The traveling information calculated by the traveling information calculation module 430 is transmitted to the operation information calculation module 460.


The environment information calculation module 440 calculates environment information, which is information regarding the surrounding environment of the smart stroller 1 by using the sensed terrain information and dust information (S330). That is, the environment information includes information regarding terrain of the area to be travelled by the smart stroller 1 and information regarding dust concentration of the air to be inhaled by the baby.


The environment information calculated by the environment information calculation module 440 is transmitted to the operation information calculation module 460.


The internal information calculation module 450 calculates internal information, which is information regarding the seat space portion 12 of the baby seat unit 10 using the sensed seat information (S340). That is, the internal information includes information regarding a temperature, humidity, and air quality of the seat space portion 12.


The environment information calculated by the internal information calculation module 450 is transmitted to the operation information calculation module 460.


The operation information calculation module 460 calculates operation information using one or more of the calculated touch information, traveling information, environment information, and internal information (S350).


In detail, the operation information calculation module 460 calculates operation information for controlling the air cleaning module 13, the motor 230, the brake 240, and the suspension 250 using the calculated information.

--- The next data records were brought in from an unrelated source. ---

(* Suppose the true density is $g=f_\theta$ for some $\theta\in\Theta$, and the kernel satisfies $$u^{\alpha*}_\theta(y)=M f_\theta^\alpha(y)u_\theta(y)+L\quad\text{for all }y,$$ for a vector $L\in\mathbb{R}^p$ depending only on $\alpha$ and $h$ and a nonsingular $p\times p$ matrix $M$ depending on $\theta,\alpha,h$, such that for each $j=1,\dots,p$ either $\int u_{\theta_j}f_\theta^{1+\alpha}=0$ or the $j$-th column of $M$ does not depend on $\theta$. Then the influence function of the minimum $S^*$-divergence functional $T^*_{(\alpha,\lambda)}$ at $G=F_\theta$ equals that of the minimum $S$-divergence functional at $F_\theta$, namely $$IF(y;F_\theta,T^*_{(\alpha,\lambda)})=\left(\int u_\theta u_\theta^Tf_\theta^{1+\alpha}\right)^{-1}\left[u_\theta(y)f_\theta^\alpha(y)-\int u_\theta f_\theta^{1+\alpha}\right].$$
   Context: $\{F_\theta:\theta\in\Theta\subseteq\mathbb{R}^p\}$ is a parametric family on $\mathbb{R}$ with Lebesgue densities $f_\theta$, $u_\theta=\nabla_\theta\log f_\theta$ with components $u_{\theta_j}$. Fix $\alpha\ge0$, $\lambda\in\mathbb{R}$, $A=1+\lambda(1-\alpha)$, $B=\alpha-\lambda(1-\alpha)$, and $S_{(\alpha,\lambda)}(g,f)=\frac1A\int f^{1+\alpha}-\frac{1+\alpha}{AB}\int f^Bg^A+\frac1B\int g^{1+\alpha}$ (continuous limits when $A=0$ or $B=0$). $W(x,y,h)\ge0$ is a kernel with fixed bandwidth $h>0$, a probability density in $x$ for each $y$; $f^*_\theta(x)=\int W(x,y,h)f_\theta(y)dy$, $g^*(x)=\int W(x,y,h)dG(y)$, $\tilde u_\theta=\nabla_\theta\log f^*_\theta$, $u^{\alpha*}_\theta(y)=\int\tilde u_\theta(x)\{f^*_\theta(x)\}^\alpha W(x,y,h)dx$. The minimum $S^*$-divergence functional $T^*_{(\alpha,\lambda)}(G)$ minimizes $\theta\mapsto S_{(\alpha,\lambda)}(g^*,f^*_\theta)$ (solving $\int K(g^*/f^*_\theta-1)(f^*_\theta)^{1+\alpha}\tilde u_\theta=0$, $K(\delta)=((\delta+1)^A-1)/A$, or $\log(1+\delta)$ if $A=0$). The influence function is $IF(y;G,T)=\frac{\partial}{\partial\epsilon}T((1-\epsilon)G+\epsilon\wedge_y)|_{\epsilon=0}$, $\wedge_y$ the point mass at $y$. *)

theory Defs
  imports "HOL-Analysis.Analysis"
begin

definition SA :: "real \<Rightarrow> real \<Rightarrow> real" where
  "SA \<alpha> lam = 1 + lam * (1 - \<alpha>)"

definition SB :: "real \<Rightarrow> real \<Rightarrow> real" where
  "SB \<alpha> lam = \<alpha> - lam * (1 - \<alpha>)"

text \<open>The S-divergence S_(alpha,lambda)(g,f) between two (density) functions on the real line,
  with the continuous limits in the cases A = 0 and B = 0.\<close>
definition Sdiv :: "real \<Rightarrow> real \<Rightarrow> (real \<Rightarrow> real) \<Rightarrow> (real \<Rightarrow> real) \<Rightarrow> real" where
  "Sdiv \<alpha> lam g f =
    (let A = SA \<alpha> lam; B = SB \<alpha> lam in
     if A = 0 then
       (LINT x|lborel. f x powr (1 + \<alpha>) * ln (f x / g x))
       - (1 / (1 + \<alpha>)) * ((LINT x|lborel. f x powr (1 + \<alpha>)) - (LINT x|lborel. g x powr (1 + \<alpha>)))
     else if B = 0 then
       (LINT x|lborel. g x powr (1 + \<alpha>) * ln (g x / f x))
       - (1 / (1 + \<alpha>)) * ((LINT x|lborel. g x powr (1 + \<alpha>)) - (LINT x|lborel. f x powr (1 + \<alpha>)))
     else
       (1 / A) * (LINT x|lborel. f x powr (1 + \<alpha>))
       - ((1 + \<alpha>) / (A * B)) * (LINT x|lborel. f x powr B * g x powr A)
       + (1 / B) * (LINT x|lborel. g x powr (1 + \<alpha>)))"

definition Kfun :: "real \<Rightarrow> real \<Rightarrow> real" where
  "Kfun A \<delta> = (if A = 0 then ln (1 + \<delta>) else ((\<delta> + 1) powr A - 1) / A)"

definition pgrad :: "(real^'p \<Rightarrow> real) \<Rightarrow> real^'p \<Rightarrow> real^'p" where
  "pgrad \<phi> t = (\<chi> j. deriv (\<lambda>s. \<phi> (t + s *\<^sub>R axis j 1)) 0)"

definition outer :: "real^'p \<Rightarrow> real^'p \<Rightarrow> real^'p^'p" where
  "outer u v = (\<chi> i j. u $ i * v $ j)"

definition score :: "(real^'p \<Rightarrow> real \<Rightarrow> real) \<Rightarrow> real^'p \<Rightarrow> real \<Rightarrow> real^'p" where
  "score f t y = pgrad (\<lambda>s. ln (f s y)) t"

definition fstar :: "(real \<Rightarrow> real \<Rightarrow> real \<Rightarrow> real) \<Rightarrow> real \<Rightarrow> (real^'p \<Rightarrow> real \<Rightarrow> real)
    \<Rightarrow> real^'p \<Rightarrow> real \<Rightarrow> real" where
  "fstar W h f t x = (LINT y|lborel. W x y h * f t y)"

definition sscore :: "(real \<Rightarrow> real \<Rightarrow> real \<Rightarrow> real) \<Rightarrow> real \<Rightarrow> (real^'p \<Rightarrow> real \<Rightarrow> real)
    \<Rightarrow> real^'p \<Rightarrow> real \<Rightarrow> real^'p" where
  "sscore W h f t x = pgrad (\<lambda>s. ln (fstar W h f s x)) t"

definition ualphastar :: "(real \<Rightarrow> real \<Rightarrow> real \<Rightarrow> real) \<Rightarrow> real \<Rightarrow> (real^'p \<Rightarrow> real \<Rightarrow> real)
    \<Rightarrow> real \<Rightarrow> real^'p \<Rightarrow> real \<Rightarrow> real^'p" where
  "ualphastar W h f \<alpha> t y =
     (LINT x|lborel. (fstar W h f t x powr \<alpha> * W x y h) *\<^sub>R sscore W h f t x)"

text \<open>Kernel-smoothed density g* of the contaminated distribution (1-eps) F_theta + eps Delta_y:
  g*(x) = int W(x,z,h) d((1-eps)F_theta + eps Delta_y)(z) = (1-eps) f*_theta(x) + eps W(x,y,h).\<close>
definition gcontam :: "(real \<Rightarrow> real \<Rightarrow> real \<Rightarrow> real) \<Rightarrow> real \<Rightarrow> (real^'p \<Rightarrow> real \<Rightarrow> real)
    \<Rightarrow> real^'p \<Rightarrow> real \<Rightarrow> real \<Rightarrow> real \<Rightarrow> real" where
  "gcontam W h f \<theta> y \<epsilon> x = (1 - \<epsilon>) * fstar W h f \<theta> x + \<epsilon> * W x y h"

definition est_integrand :: "(real \<Rightarrow> real \<Rightarrow> real \<Rightarrow> real) \<Rightarrow> real \<Rightarrow> (real^'p \<Rightarrow> real \<Rightarrow> real)
    \<Rightarrow> real \<Rightarrow> real \<Rightarrow> (real \<Rightarrow> real) \<Rightarrow> real^'p \<Rightarrow> real \<Rightarrow> real^'p" where
  "est_integrand W h f \<alpha> lam g t x =
     (Kfun (SA \<alpha> lam) (g x / fstar W h f t x - 1) * fstar W h f t x powr (1 + \<alpha>))
       *\<^sub>R sscore W h f t x"

definition est_fun :: "(real \<Rightarrow> real \<Rightarrow> real \<Rightarrow> real) \<Rightarrow> real \<Rightarrow> (real^'p \<Rightarrow> real \<Rightarrow> real)
    \<Rightarrow> real \<Rightarrow> real \<Rightarrow> (real \<Rightarrow> real) \<Rightarrow> real^'p \<Rightarrow> real^'p" where
  "est_fun W h f \<alpha> lam g t = (LINT x|lborel. est_integrand W h f \<alpha> lam g t x)"

end

theory Submission
  imports Defs
begin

The operation information operation module 460 calculates operation information using the calculated information as described above.


The operation information calculated by the operation information calculation module 460 is transmitted to the control module 470.


(4) Description of Step S400: Receiving Operation Information Regarding Operation of the Smart Stroller 1 by the Manipulation Portion 170 when being Rotated


The manipulation portion 170 receives operation information regarding operation of the smart stroller 1 when being rotated by the user (S400). Hereinafter, the step S400 will be described in detail with reference to FIG. 15.


The first manipulation portion 171 receives operation information regarding operation of the motor 230 when being rotated by the user (S410). The operation information, which is input through the first manipulation portion 171, is transmitted to the motor control unit 472 of the control module 470.


The second manipulation portion 172 receives operation information regarding operation of the air cleaning module 13 when being rotated by the user (S420). The operation information, which is input through the second manipulation portion 172, is transmitted to the air cleaning control unit 474 of the control module 470.


(5) Description of Step S500: Controlling, by the Controller 400, the Smart Stroller 1 According to the Calculated Operation Information

The step S500 is a step in which the control module 470 of the controller 400 controls each constituting element of the smart stroller 1 according to the calculated operation information or input operation information (S500). Hereinafter, the step S500 will be described in detail with reference to FIG. 16.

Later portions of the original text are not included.